A few things jump out.

V4-Pro-Max sets a new state of the art for open models on SimpleQA-Verified with 57.9%, a 20 point jump over the best previous open model. It wins outright on LiveCodeBench (93.5%), Codeforces rating (3,206), Apex Shortlist (90.2%), and Toolathlon (51.8%). On Codeforces in particular, 3,206 puts the model at 23rd among human competitors, which is the first time an open model has matched a closed frontier model on competitive programming.

The gap to proprietary frontier models has narrowed but not closed. Gemini 3.1 Pro still leads on general knowledge (MMLU-Pro, SimpleQA, GPQA Diamond, HLE, Chinese-SimpleQA), GPT-5.4 leads on agentic coding (Terminal Bench 2.0 at 75.1% vs V4-Pro at 67.9%), and Claude Opus 4.6 leads on long-context retrieval (MRCR 1M at 92.9% vs 83.5%) and on the GDPval Elo ranking for economically valuable work.

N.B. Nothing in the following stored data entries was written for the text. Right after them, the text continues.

lemma Pj_sq_le_integral_square:
  fixes \<Lambda> :: real
  assumes \<Lambda>: "0 \<le> \<Lambda>"
  obtains C where "0 < C"
    and "\<And>v \<alpha> l x. v \<in> Pj j \<Longrightarrow> 0 < l \<Longrightarrow> \<bar>x$1 - \<alpha>$1\<bar> \<le> \<Lambda> * l \<Longrightarrow> \<bar>x$2 - \<alpha>$2\<bar> \<le> \<Lambda> * l \<Longrightarrow>
           (v x)\<^sup>2 \<le> C / l\<^sup>2 * integral (cbox \<alpha> (vector [\<alpha>$1 + l, \<alpha>$2 + l])) (\<lambda>z. (v z)\<^sup>2)"
proof -
  obtain C where C: "0 < C"
    and bound: "\<And>P \<alpha> l y. degree P \<le> j \<Longrightarrow> 0 < l \<Longrightarrow> \<bar>y - \<alpha>\<bar> \<le> \<Lambda> * l \<Longrightarrow>
           (poly P y)\<^sup>2 \<le> C / l * integral {\<alpha>..\<alpha>+l} (\<lambda>t. (poly P t)\<^sup>2)"
    using poly_sq_le_integral_interval[OF \<Lambda>] by metis
  have "(v x)\<^sup>2 \<le> C\<^sup>2 / l\<^sup>2 * integral (cbox \<alpha> (vector [\<alpha>$1 + l, \<alpha>$2 + l])) (\<lambda>z. (v z)\<^sup>2)"
    if v: "v \<in> Pj j" and l: "0 < l" and x1: "\<bar>x$1 - \<alpha>$1\<bar> \<le> \<Lambda> * l" and x2: "\<bar>x$2 - \<alpha>$2\<bar> \<le> \<Lambda> * l"
    for v \<alpha> l x
  proof -
    define F where "F t u = (v (vector [t, u]))\<^sup>2" for t u
    have cont_F: "continuous_on S (\<lambda>p. F (fst p) (snd p))" for S
      unfolding F_def vector2_eq_scaleR_axis
      by (intro continuous_intros continuous_on_compose2[OF continuous_on_Pj[OF v, of UNIV]]) auto
    have cont_F1: "continuous_on S (\<lambda>t. F t u)" for S u
      unfolding F_def vector2_eq_scaleR_axis
      by (intro continuous_intros continuous_on_compose2[OF continuous_on_Pj[OF v, of UNIV]]) auto
    have "(v x)\<^sup>2 \<le> C / l * integral {\<alpha>$1..\<alpha>$1 + l} (\<lambda>t. F t (x$2))"
    proof -
      obtain P where "degree P \<le> j" and P: "\<And>t. v (vector [t, x$2]) = poly P t"
        using Pj_horizontal_section[OF v] by metis
      have "(v x)\<^sup>2 = (poly P (x$1))\<^sup>2"
        using P[of "x$1"] by (simp add: vector2_eta)
      also have "\<dots> \<le> C / l * integral {\<alpha>$1..\<alpha>$1 + l} (\<lambda>t. (poly P t)\<^sup>2)"
        using \<open>degree P \<le> j\<close> l x1 by (rule bound)
      finally show ?thesis
        by (simp add: F_def P)
    qed
    also have "\<dots> \<le> C / l * integral {\<alpha>$1..\<alpha>$1 + l} (\<lambda>t. C / l * integral {\<alpha>$2..\<alpha>$2 + l} (\<lambda>u. F t u))"
    proof (intro mult_left_mono integral_le)
      show "F t (x$2) \<le> C / l * integral {\<alpha>$2..\<alpha>$2 + l} (\<lambda>u. F t u)" for t
      proof -
        obtain P where "degree P \<le> j" and P: "\<And>u. v (vector [t, u]) = poly P u"
          using Pj_vertical_section[OF v] by metis
        show ?thesis
          unfolding F_def P using \<open>degree P \<le> j\<close> l x2 by (rule bound)
      qed
      have inner: "(\<lambda>t. integral {\<alpha>$2..\<alpha>$2 + l} (\<lambda>u. F t u)) integrable_on {\<alpha>$1..\<alpha>$1 + l}"
        using integral_integrable_2dim[OF cont_F, where a="\<alpha>$1" and c="\<alpha>$2" and b="\<alpha>$1 + l" and d="\<alpha>$2 + l"]
        by (simp add: cbox_interval)
      show "(\<lambda>t. C / l * integral {\<alpha>$2..\<alpha>$2 + l} (\<lambda>u. F t u)) integrable_on {\<alpha>$1..\<alpha>$1 + l}"
        using integrable_on_cmult_left[OF inner, of "C / l"] by simp
    qed (use C l cont_F1 in \<open>auto intro: integrable_continuous_real\<close>)
    also have "\<dots> = (C / l)\<^sup>2 * integral {\<alpha>$1..\<alpha>$1 + l} (\<lambda>t. integral {\<alpha>$2..\<alpha>$2 + l} (\<lambda>u. F t u))"
      by (simp add: power2_eq_square)
    also have "integral {\<alpha>$1..\<alpha>$1 + l} (\<lambda>t. integral {\<alpha>$2..\<alpha>$2 + l} (\<lambda>u. F t u))
        = integral (cbox \<alpha> (vector [\<alpha>$1 + l, \<alpha>$2 + l])) (\<lambda>z. (v z)\<^sup>2)"
      using integral_cbox_vector2_iterated[of \<alpha> "vector [\<alpha>$1 + l, \<alpha>$2 + l]" "\<lambda>z. (v z)\<^sup>2"]
      by (simp add: F_def continuous_intros continuous_on_Pj[OF v])
    finally show ?thesis
      by (simp add: power_divide)
  qed
  with C show thesis
    by (intro that[of "C\<^sup>2"]) auto
qed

DeepSeek describes this positioning directly in the paper: V4-Pro-Max is “marginally short of GPT-5.4 and Gemini-3.1-Pro” on reasoning, placing it about three to six months behind the frontier. For an open-weight model available for free download, that is a meaningful shift from where R1 left things a year ago.

How V4-Pro-Max Compares to Opus 4.6, GPT-5.4, Gemini 3.1 Pro

Reading across the benchmark table, three patterns stand out.

Against Claude Opus 4.6, V4-Pro-Max wins on LiveCodeBench (93.5 vs 88.8), Codeforces (3,206 vs untested), IMOAnswerBench (89.8 vs 75.3), Apex Shortlist (90.2 vs 85.9), and Toolathlon (51.8 vs 47.2). Opus leads on knowledge (MMLU-Pro, GPQA Diamond, HLE), long-context retrieval on MRCR and CorpusQA, SWE Multilingual, and GDPval-AA. The read is that V4 is the stronger picker for competitive programming and tool use, while Opus 4.6 is still the stronger picker for knowledge work and very long documents. Note that Anthropic has since released Opus 4.7 and the restricted Claude Mythos Preview, both of which sit above Opus 4.6 on these benchmarks.

Against GPT-5.4, V4-Pro-Max edges ahead on LiveCodeBench, Codeforces, Apex Shortlist, MCPAtlas, and Toolathlon. GPT-5.4 wins HMMT, Apex, GDPval-AA, and Terminal Bench 2.0 by a wide margin (75.1 vs 67.9). OpenAI has since released GPT-5.5 at 82.7% on Terminal Bench 2.0, which re-opens the gap on agentic coding.

Against Gemini 3.1 Pro, V4-Pro-Max wins LiveCodeBench, Codeforces, IMOAnswerBench, Apex Shortlist, CorpusQA 1M, and Toolathlon, and nearly ties on most others. Gemini holds its clearest advantages on general world knowledge (SimpleQA-Verified 75.6, MMLU-Pro 91.0, GPQA Diamond 94.3).

Agentic Coding and Tool Use

DeepSeek has leaned hard into agentic coding as a deployment story. The team explicitly notes that V4 is “seamlessly integrated with leading AI agents like Claude Code, OpenClaw, and OpenCode,” and says V4 is already powering its own internal agentic coding. Alibaba followed the same playbook in May with Qwen3.7-Max, which supports the Anthropic API protocol natively and demonstrated a 35-hour autonomous coding run at launch. A sample PDF in the announcement was generated end to end by V4-Pro.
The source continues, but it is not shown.